> _What you will do_: Copying exactly, give the lines in the material below from the one with "u \<longleftrightarrow> (\<forall>K." to the one with "E(u) + 2 S^2/\<mu>.", ends included, and nothing besides.
(Input records)
(* There is a constant $c$ such that for every locally integrable $u:\mathbb R^d\to\mathbb R$ with $\mathcal E(u,u)<\infty$ and every $M>0$, the truncation $u^M(x)=a(x/M)u(x)$ satisfies $\mathcal E(u^M,u^M)<\infty$ and $$\mathcal E(u^M,u^M)\le c\,\mathcal E(u,u)+\frac{c}{M^{d+\alpha}}\Big(\int_{B(2M)}u(x)dx\Big)^2.$$
   Context: $d\ge1$, $\alpha\in(0,2)$, $h:\mathbb R^d\setminus\{0\}\to(0,\infty)$ continuous, even, homogeneous of degree $-(d+\alpha)$; $\mathcal E(v,v)=\frac12\iint h(y-x)(v(y)-v(x))^2dxdy$. $|x|=\max_i|x_i|$, $B(R)=\{x:|x|\le R\}$. $a(x)=1$ if $|x|\le1$, $a(x)=2-|x|$ if $1\le|x|\le2$, $a(x)=0$ if $|x|\ge2$. *)

theory Defs
  imports "HOL-Analysis.Analysis"
begin

text \<open>Max norm |x| = max_i |x_i| on R^d (index type 'n, d = CARD('n)).\<close>
definition maxnorm :: "real^'n \<Rightarrow> real" where
  "maxnorm x = Max (range (\<lambda>i. \<bar>x $ i\<bar>))"

definition cube :: "real \<Rightarrow> (real^'n) set" where
  "cube R = {x. maxnorm x \<le> R}"

definition cutoff :: "real^'n \<Rightarrow> real" where
  "cutoff x = (if maxnorm x \<le> 1 then 1 else if maxnorm x \<le> 2 then 2 - maxnorm x else 0)"

definition locally_integrable :: "(real^'n \<Rightarrow> real) \<Rightarrow> bool" where
  "locally_integrable u \<longleftrightarrow> (\<forall>K. compact K \<longrightarrow> set_integrable lborel K u)"

definition energy :: "(real^'n \<Rightarrow> real) \<Rightarrow> (real^'n \<Rightarrow> real) \<Rightarrow> ennreal" where
  "energy h v = ennreal (1/2) *
     (\<integral>\<^sup>+ y. (\<integral>\<^sup>+ x. ennreal (h (y - x) * (v y - v x)^2) \<partial>lborel) \<partial>lborel)"

end

theory Submission
  imports Defs
begin

(* The truncation estimate for the nonlocal energy
     E(v) = 1/2 \<integral>\<integral> h(y - x) (v y - v x)^2 dx dy,
   h positive, even, continuous off 0 and homogeneous of degree -(d + \<alpha>), 0 < \<alpha> < 2.
   Write a(x) = cutoff(x/M), B = cube(2M), \<mu> = |B| = (4M)^d and S = \<integral>_B u.

   (1) Product rule.  Pointwise (a y u y - a x u x)^2 \<le> 2 (u y - u x)^2
       + 2 (a y - a x)^2 (1_B(x) u(x)^2 + 1_B(y) u(y)^2), since a is [0,1]-valued and
       supported in B.  Integrating, E(a u) \<le> 2 E(u) + 2 \<Lambda> \<integral>_B u^2, where \<Lambda> bounds
       \<integral> h(p - x) (a p - a x)^2 dx uniformly in p.
   (2) Kernel bound.  a is (1/M)-Lipschitz for the max norm and [0,1]-valued, so by
       homogeneity \<Lambda> = M^-\<alpha> K with K = \<integral> h(w) min(1,|w|)^2 dw, which is finite:
       sum the scaling law \<integral>_{a\<le>|w|\<le>2a} h = a^-\<alpha> \<integral>_{1\<le>|w|\<le>2} h over dyadic shells.
   (3) Poincare inequality on B.  By Cauchy-Schwarz, \<integral>_B u^2 \<le> (2/\<mu>) \<integral>_B\<integral>_B (u y - u x)^2
       + 2 S^2/\<mu>, and h \<ge> const M^-(d+\<alpha>) on B - B, so \<integral>_B u^2 \<le> C M^\<alpha> E(u) + 2 S^2/\<mu>.
   Combining (1)-(3) gives the theorem with c = 2 + 2 K C + 4 K. *)

subsection \<open>The max norm\<close>

lemma maxnorm_ge: "\<bar>x $ i\<bar> \<le> maxnorm x"
  unfolding maxnorm_def by (rule Max_ge) auto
(End Input records)
> _Exercise solution_:
  "locally_integrable u \<longleftrightarrow> (\<forall>K. compact K \<longrightarrow> set_integrable lborel K u)"

definition energy :: "(real^'n \<Rightarrow> real) \<Rightarrow> (real^'n \<Rightarrow> real) \<Rightarrow> ennreal" where
  "energy h v = ennreal (1/2) *
     (\<integral>\<^sup>+ y. (\<integral>\<^sup>+ x. ennreal (h (y - x) * (v y - v x)^2) \<partial>lborel) \<partial>lborel)"

end

theory Submission
  imports Defs
begin

(* The truncation estimate for the nonlocal energy
     E(v) = 1/2 \<integral>\<integral> h(y - x) (v y - v x)^2 dx dy,
   h positive, even, continuous off 0 and homogeneous of degree -(d + \<alpha>), 0 < \<alpha> < 2.
   Write a(x) = cutoff(x/M), B = cube(2M), \<mu> = |B| = (4M)^d and S = \<integral>_B u.

   (1) Product rule.  Pointwise (a y u y - a x u x)^2 \<le> 2 (u y - u x)^2
       + 2 (a y - a x)^2 (1_B(x) u(x)^2 + 1_B(y) u(y)^2), since a is [0,1]-valued and
       supported in B.  Integrating, E(a u) \<le> 2 E(u) + 2 \<Lambda> \<integral>_B u^2, where \<Lambda> bounds
       \<integral> h(p - x) (a p - a x)^2 dx uniformly in p.
   (2) Kernel bound.  a is (1/M)-Lipschitz for the max norm and [0,1]-valued, so by
       homogeneity \<Lambda> = M^-\<alpha> K with K = \<integral> h(w) min(1,|w|)^2 dw, which is finite:
       sum the scaling law \<integral>_{a\<le>|w|\<le>2a} h = a^-\<alpha> \<integral>_{1\<le>|w|\<le>2} h over dyadic shells.
   (3) Poincare inequality on B.  By Cauchy-Schwarz, \<integral>_B u^2 \<le> (2/\<mu>) \<integral>_B\<integral>_B (u y - u x)^2
       + 2 S^2/\<mu>, and h \<ge> const M^-(d+\<alpha>) on B - B, so \<integral>_B u^2 \<le> C M^\<alpha> E(u) + 2 S^2/\<mu>.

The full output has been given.